Their techniques vary according to how they communicate. However, what they have in common is their ability to persuade. The skills that make them successful are the same skills that help salespeople succeed. But con artists have an advantage in their decisions: they don’t have to fulfill their promises. In the absence of this responsibility, they do not hesitate to make any promises that will persuade you to divide your money. Here are some techniques to figure out the forex scam in the market, please see below: 

Expectation of Large Profits 

The money flying through the air, the profits that con artists speak of, are big enough to make you interested and eager to invest. But not too big to make you believe it Or he might mention the profit numbers he thinks you will consider credible, and then in further temptations suggest that the actual profit is even greater. Of course, the latter numbers are something that he hopes you will focus on. In general, if an investment proposal sounds too good to be true, it is possible. 

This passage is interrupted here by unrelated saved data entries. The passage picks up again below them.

lemma AE_neq:
  assumes "s \<noteq> t"
  shows "AE \<omega> in M. \<epsilon> s \<omega> \<noteq> \<epsilon> t \<omega>"
proof -
  let ?\<mu> = "distr M borel (\<epsilon> s)" and ?\<nu> = "distr M borel (\<epsilon> t)"
  have "indep_vars (\<lambda>_. borel) (\<lambda>b. \<epsilon> (case_bool s t b)) UNIV"
    by (rule indep_vars_reindex[OF indep_\<epsilon>])
      (use assms in \<open>auto simp: inj_on_def split: bool.split\<close>)
  moreover have "(\<lambda>b. \<epsilon> (case_bool s t b)) = case_bool (\<epsilon> s) (\<epsilon> t)"
    "(\<lambda>_::bool. borel) = case_bool borel borel"
    by (auto split: bool.split)
  ultimately have "indep_var borel (\<epsilon> s) borel (\<epsilon> t)"
    unfolding indep_var_def by metis
  then have law: "distr M (borel \<Otimes>\<^sub>M borel) (\<lambda>\<omega>. (\<epsilon> s \<omega>, \<epsilon> t \<omega>)) = ?\<mu> \<Otimes>\<^sub>M ?\<nu>"
    by (simp add: indep_var_distribution_eq)
  have "emeasure (?\<mu> \<Otimes>\<^sub>M ?\<nu>) {p. fst p = snd p} = 0"
    by (intro emeasure_pair_measure_diagonal prob_space_imp_sigma_finite prob_space_distr no_atoms)
      simp_all
  moreover have "(\<lambda>\<omega>. (\<epsilon> s \<omega>, \<epsilon> t \<omega>)) -` {p. fst p = snd p} \<inter> space M
      = {\<omega> \<in> space M. \<epsilon> s \<omega> = \<epsilon> t \<omega>}"
    by auto
  ultimately have "emeasure M {\<omega> \<in> space M. \<epsilon> s \<omega> = \<epsilon> t \<omega>} = 0"
    using emeasure_distr[OF _ sets_borel_diagonal, of "\<lambda>\<omega>. (\<epsilon> s \<omega>, \<epsilon> t \<omega>)" M] law by simp
  then have "{\<omega> \<in> space M. \<epsilon> s \<omega> = \<epsilon> t \<omega>} \<in> null_sets M"
    by (auto simp: null_sets_def)
  from AE_not_in[OF this] AE_space show ?thesis
    by eventually_elim auto
qed

lemma AE_distinct_values:
  assumes "distinct ts"
  shows "AE \<omega> in M. distinct (map (\<lambda>t. \<epsilon> t \<omega>) ts)"
proof -
  have "AE \<omega> in M. \<forall>p \<in> set ts \<times> set ts. fst p \<noteq> snd p \<longrightarrow> \<epsilon> (fst p) \<omega> \<noteq> \<epsilon> (snd p) \<omega>"
    by (intro AE_finite_allI) (auto intro: AE_neq)
  then show ?thesis
    by eventually_elim (auto simp: distinct_map assms inj_on_def)
qed

definition less_event :: "'i \<Rightarrow> 'i \<Rightarrow> 'a set" where
  "less_event s t = {\<omega> \<in> space M. \<epsilon> s \<omega> < \<epsilon> t \<omega>}"

lemma less_event_in_events[measurable]: "less_event s t \<in> events"
  unfolding less_event_def by measurable

lemma prob_less_event:
  assumes "s \<noteq> t"
  shows "prob (less_event s t) = 1/2"
proof -
  have S: "{f \<in> space (\<Pi>\<^sub>M i\<in>{..<2}. borel). f 0 < f 1}
      \<in> sets (\<Pi>\<^sub>M i\<in>{..<2::nat}. (borel :: real measure))"
    by measurable
  have swap: "prob (less_event t s) = prob (less_event s t)"
    using prob_list_tuple_eq[OF _ _ _ _ S, of "[t, s]" "[s, t]"] assms by (simp add: less_event_def)
  let ?Es = "[less_event s t, less_event t s]"
  have "prob (less_event s t) = 1 / length ?Es"
  proof (rule prob_eq_inverse_length_if_AE_partition)
    from assms have "distinct [s, t]"
      by simp
    from AE_distinct_values[OF this] AE_space
    show "AE \<omega> in M. (\<Sum>E\<leftarrow>?Es. indicator E \<omega>) = (1::real)"
      by eventually_elim (auto simp: less_event_def indicator_def)
  qed (use swap in auto)
  then show ?thesis
    by simp
qed

lemma prob_less_event_Int_less_event:
  assumes "distinct [a, b, c, d]"
  shows "prob (less_event a b \<inter> less_event c d) = 1/4"
proof -
  have S: "{f \<in> space (\<Pi>\<^sub>M i\<in>{..<4}. borel). f 0 < f 1 \<and> f 2 < f 3}
      \<in> sets (\<Pi>\<^sub>M i\<in>{..<4::nat}. (borel :: real measure))"
    by measurable
  have swap: "prob (less_event a' b' \<inter> less_event c' d') = prob (less_event a b \<inter> less_event c d)"
    if "distinct [a', b', c', d']" for a' b' c' d'
  proof -
    have "less_event a b \<inter> less_event c d = {\<omega> \<in> space M. \<epsilon> a \<omega> < \<epsilon> b \<omega> \<and> \<epsilon> c \<omega> < \<epsilon> d \<omega>}"
      for a b c d
      by (auto simp: less_event_def)
    then show ?thesis
      using prob_list_tuple_eq[OF that assms _ _ S] by simp
  qed
  let ?Es = "[less_event a b \<inter> less_event c d, less_event b a \<inter> less_event c d,
    less_event a b \<inter> less_event d c, less_event b a \<inter> less_event d c]"
  have "prob (less_event a b \<inter> less_event c d) = 1 / length ?Es"
  proof (rule prob_eq_inverse_length_if_AE_partition)
    from AE_distinct_values[OF assms] AE_space
    show "AE \<omega> in M. (\<Sum>E\<leftarrow>?Es. indicator E \<omega>) = (1::real)"
      by eventually_elim (auto simp: less_event_def indicator_def)
  qed (use assms swap[of b a c d] swap[of a b d c] swap[of b a d c] in auto)
  then show ?thesis
    by simp
qed

lemma prob_last_is_max:
  assumes "distinct [a, b, c]"
  shows "prob (less_event a c \<inter> less_event b c) = 1/3"
proof -
  have S: "{f \<in> space (\<Pi>\<^sub>M i\<in>{..<3}. borel). f 0 < f 2 \<and> f 1 < f 2}
      \<in> sets (\<Pi>\<^sub>M i\<in>{..<3::nat}. (borel :: real measure))"
    by measurable
  have swap: "prob (less_event a' c' \<inter> less_event b' c') = prob (less_event a c \<inter> less_event b c)"
    if "distinct [a', b', c']" for a' b' c'
  proof -
    have "less_event a c \<inter> less_event b c = {\<omega> \<in> space M. \<epsilon> a \<omega> < \<epsilon> c \<omega> \<and> \<epsilon> b \<omega> < \<epsilon> c \<omega>}"
      for a b c
      by (auto simp: less_event_def)
    then show ?thesis
      using prob_list_tuple_eq[OF that assms _ _ S] by simp
  qed
  let ?Es = "[less_event a c \<inter> less_event b c, less_event a b \<inter> less_event c b,
    less_event b a \<inter> less_event c a]"
  have "prob (less_event a c \<inter> less_event b c) = 1 / length ?Es"
  proof (rule prob_eq_inverse_length_if_AE_partition)
    from AE_distinct_values[OF assms] AE_space
    show "AE \<omega> in M. (\<Sum>E\<leftarrow>?Es. indicator E \<omega>) = (1::real)"
      by eventually_elim (auto simp: less_event_def indicator_def)
  qed (use assms swap[of a c b] swap[of b c a] in auto)
  then show ?thesis
    by simp
qed

lemma prob_last_is_min:
  assumes "distinct [a, b, c]"
  shows "prob (less_event c a \<inter> less_event c b) = 1/3"
proof -
  have S: "{f \<in> space (\<Pi>\<^sub>M i\<in>{..<3}. borel). f 2 < f 0 \<and> f 2 < f 1}
      \<in> sets (\<Pi>\<^sub>M i\<in>{..<3::nat}. (borel :: real measure))"
    by measurable
  have swap: "prob (less_event c' a' \<inter> less_event c' b') = prob (less_event c a \<inter> less_event c b)"
    if "distinct [a', b', c']" for a' b' c'
  proof -
    have "less_event c a \<inter> less_event c b = {\<omega> \<in> space M. \<epsilon> c \<omega> < \<epsilon> a \<omega> \<and> \<epsilon> c \<omega> < \<epsilon> b \<omega>}"
      for a b c
      by (auto simp: less_event_def)
    then show ?thesis
      using prob_list_tuple_eq[OF that assms _ _ S] by simp
  qed
  let ?Es = "[less_event c a \<inter> less_event c b, less_event b a \<inter> less_event b c,
    less_event a b \<inter> less_event a c]"
  have "prob (less_event c a \<inter> less_event c b) = 1 / length ?Es"
  proof (rule prob_eq_inverse_length_if_AE_partition)
    from AE_distinct_values[OF assms] AE_space
    show "AE \<omega> in M. (\<Sum>E\<leftarrow>?Es. indicator E \<omega>) = (1::real)"
      by eventually_elim (auto simp: less_event_def indicator_def)
  qed (use assms swap[of a c b] swap[of b c a] in auto)
  then show ?thesis
    by simp
qed

lemma prob_increasing_triple:
  assumes "distinct [a, b, c]"
  shows "prob (less_event a b \<inter> less_event b c) = 1/6"
proof -
  let ?Es = "[less_event a b \<inter> less_event b c, less_event a b \<inter> less_event c b]"
  from AE_distinct_values[OF assms] AE_space
  have "AE \<omega> in M. (\<Sum>E\<leftarrow>?Es. indicator E \<omega>) = (\<Sum>E\<leftarrow>[less_event a b]. indicator E \<omega> :: real)"
    by eventually_elim (auto simp: less_event_def indicator_def)
  then have "prob (less_event a b \<inter> less_event b c) + prob (less_event a b \<inter> less_event c b)
      = prob (less_event a b)"
    using sum_list_prob_eq_AE[of ?Es "[less_event a b]"] by simp
  moreover have "prob (less_event a b \<inter> less_event c b) = 1/3"
    using prob_last_is_max[of a c b] assms by auto
  ultimately show ?thesis
    using prob_less_event[of a b] assms by simp
qed

end

lemma moving_sum_increment:
  fixes f :: "int \<Rightarrow> 'b::ab_group_add"
  shows "(\<Sum>l = 0..q. f (t + 1 - int l)) - (\<Sum>l = 0..q. f (t - int l)) = f (t + 1) - f (t - int q)"
proof (induction q)
  case (Suc q)
  have "t + 1 - int (Suc q) = t - int q"
    by simp
  with Suc show ?case
    by (simp add: sum.atLeast0_atMost_Suc algebra_simps)
qed simp

locale equal_weight_ma = iid_continuous M \<epsilon> for M :: "'a measure" and \<epsilon> :: "int \<Rightarrow> 'a \<Rightarrow> real" +
  fixes q :: nat and X :: "int \<Rightarrow> 'a \<Rightarrow> real"
  assumes X_eq: "\<And>t \<omega>. X t \<omega> = (\<Sum>l = 0..q. \<epsilon> (t - int l) \<omega>)"
begin

lemma increment_eq: "X (t + 1) \<omega> - X t \<omega> = \<epsilon> (t + 1) \<omega> - \<epsilon> (t - int q) \<omega>"
  unfolding X_eq by (rule moving_sum_increment)

lemma op2_event_eq:
  assumes "i \<in> {1, 2}"
  shows "{\<omega> \<in> space M. op2 X t \<omega> = i}
    = (if i = 1 then less_event (t - int q) (t + 1) else less_event (t + 1) (t - int q))"
proof -
  have "X t \<omega> < X (t + 1) \<omega> \<longleftrightarrow> \<epsilon> (t - int q) \<omega> < \<epsilon> (t + 1) \<omega>"
    "X (t + 1) \<omega> < X t \<omega> \<longleftrightarrow> \<epsilon> (t + 1) \<omega> < \<epsilon> (t - int q) \<omega>" for \<omega>
    using increment_eq[of t \<omega>] by linarith+
  then show ?thesis
    using assms by (auto simp: op2_def less_event_def)
qed

lemma op_prob_eq:
  assumes "i \<in> {1, 2}"
  shows "op_prob M X i = 1/2"
  using assms by (simp add: op_prob_def op2_event_eq prob_less_event)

Low risk Some people are clear that it suggests that there is no risk – investment is a sure-fire source. Clearly, the last thing a scam wants you to think of is the possibility of wasting money. (If you ask how you can be sure that your money is safe, you can trust that the answer is trustworthy. He also believes that you believe what you want to believe) to make him confident. Con artists may admit that there may be a risk – then reassure you that you will definitely get the least profit. Con men may become impatient or aggressive if they have questions about the risk – perhaps suggesting they have. Better things to do waste time with people who lack courage and farsightedness in making money! With this, he hopes that you will not bring this story back. 

Urgency 

There are generally interesting reasons why it’s necessary for you to invest now. It may be because the investment opportunity can be “offered only to a limited number of people” or because the delay in investment can mean missing a big profit (after all, when the information they have told you becomes generally known, the price will Higher, right? Urgent is important for con artists. He wants your money as quickly as possible, with the least effort on his part, and he doesn’t want you to have time to think about it, talk to someone who may suggest you to wonder or check out his or her proposal. With regulatory agencies. In addition, he may not plan to stay in the city for very long. 

Confidence 

The scam is confident in the money you make, so you are confident enough to release your savings. Their message is that they are doing your favorite things by offering investment opportunities. Con artists may intimidate (Happily or something else) to end the conversation by suggesting that if you don’t really care, there are many others that will When you protest that you are interested, he will keep your savings in his pocket. Even if you can’t see a man the way he speaks But most people are determined, clear, and determined people who will control the conversation. The more you talk, the less likely you are to ask questions.